I need to open bank account in kiwibank and I found out the requirements to do that. One of the requirement is to have a utility or credit card bill on requester name for proof of address. Now, I am new to NZ and doesn't have any such proof (been here for few days).

What to do? I need to schedule an appointment with bank for this purpose.


----------



## inhamilton

raheel78 said:


> Hi,
> 
> I need to open bank account in kiwibank and I found out the requirements to do that. One of the requirement is to have a utility or credit card bill on requester name for proof of address. Now, I am new to NZ and doesn't have any such proof (been here for few days).
> 
> What to do? I need to schedule an appointment with bank for this purpose.


Are you renting? If so, get your landlord to sign a document or receipt confirming you are living there. I dont think it need sto be a utility. Just some sort of proof.


----------



## inhamilton

I would try phoning the kiwibank free helpline 0800 113355
Explain your situation to them. They'll have a solution, I'm sure.

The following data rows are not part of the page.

lemma label_through_pair_unique:
  assumes "l \<in> labels" "l' \<in> labels" "P \<noteq> Q"
    and "{P, Q} \<subseteq> label_block l" "{P, Q} \<subseteq> label_block l'"
  shows "l = l'"
proof -
  obtain x a y e where P: "P = (x, a)" and Q: "Q = (y, e)" by fastforce
  consider (vertical) "x = y" | (horizontal) "a = e" | (skew) "x \<noteq> y" "a \<noteq> e" by blast
  then show ?thesis
  proof cases
    case vertical
    then have "a \<noteq> e" using assms(3) P Q by simp
    have "{(x, a), (x, e)} \<subseteq> label_block l" "{(x, a), (x, e)} \<subseteq> label_block l'"
      using assms(4,5) P Q vertical by simp_all
    then obtain b b' where "b \<in> B2" "l = Column x b" "{a, e} \<subseteq> b"
      and "b' \<in> B2" "l' = Column x b'" "{a, e} \<subseteq> b'"
      using label_through_vertical_pair assms(1,2) \<open>a \<noteq> e\<close> by meson
    then show ?thesis using sts_block_unique[OF sts2 \<open>b \<in> B2\<close> \<open>b' \<in> B2\<close>] \<open>a \<noteq> e\<close> by simp
  next
    case horizontal
    then have "x \<noteq> y" using assms(3) P Q by simp
    have "{(x, a), (y, a)} \<subseteq> label_block l" "{(x, a), (y, a)} \<subseteq> label_block l'"
      using assms(4,5) P Q horizontal by simp_all
    then obtain b b' where "b \<in> B1" "l = Row b a" "{x, y} \<subseteq> b"
      and "b' \<in> B1" "l' = Row b' a" "{x, y} \<subseteq> b'"
      using label_through_horizontal_pair assms(1,2) \<open>x \<noteq> y\<close> by meson
    then show ?thesis using sts_block_unique[OF sts1 \<open>b \<in> B1\<close> \<open>b' \<in> B1\<close>] \<open>x \<noteq> y\<close> by simp
  next
    case skew
    have pair: "{(x, a), (y, e)} \<subseteq> label_block l" "{(x, a), (y, e)} \<subseteq> label_block l'"
      using assms(4,5) P Q by simp_all
    obtain b1 b2 c j b1' b2' c' j' where "l = Sloped b1 b2 c j" "l' = Sloped b1' b2' c' j'"
      using label_through_skew_pair[OF assms(1) pair(1) skew] label_through_skew_pair[OF assms(2) pair(2) skew]
      by blast
    then show ?thesis
      using sloped_label_through_pair_unique[of b1 b2 c j b1' b2' c' j' x y a e] assms(1,2) pair skew by simp
  qed
qed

I also got this from their website :

*Verifying your address*

You’ll also need to bring in something printed with your name and address that’s dated in the last six months. This could be a:

power, phone or other utility bill
bank statement or letter issued from another registered New Zealand bank in the last six months
Document issued by a government agency with your name and signature issued in the last six months (e.g. SuperGold Card card)
store account statement
letter from a GP
letter from a school or tertiary institute
tenancy agreement
employment agreement
letter from another financial institution
letter from electorial office
letter issued by a solicitor or accountant


----------



## raheel78

Thanks inhamilton. I am not sure if my landlord will do that as I am staying at a place on temp basis and will move out of this place , not sure when.

Since, I do not have anything kind of bills, credit cards, doctor prescriptions etc , I am not sure what should I present to fulfill bank requirements. Also, I am planning to open a joint account with my wife but it's not possible to goto bank together as we have small kids to take care. Will bank ease out on my presence only for a joint account? 

Thanks


----------



## inhamilton

raheel78 said:


> Thanks inhamilton. I am not sure if my landlord will do that as I am staying at a place on temp basis and will move out of this place , not sure when.
> 
> Since, I do not have anything kind of bills, credit cards, doctor prescriptions etc , I am not sure what should I present to fulfill bank requirements. Also, I am planning to open a joint account with my wife but it's not possible to goto bank together as we have small kids to take care. Will bank ease out on my presence only for a joint account?
> 
> Thanks


Hi,
I'm sure if you phone kiwibank, they'll do anything they can to help you. Afterall, they want you to become a customer.


----------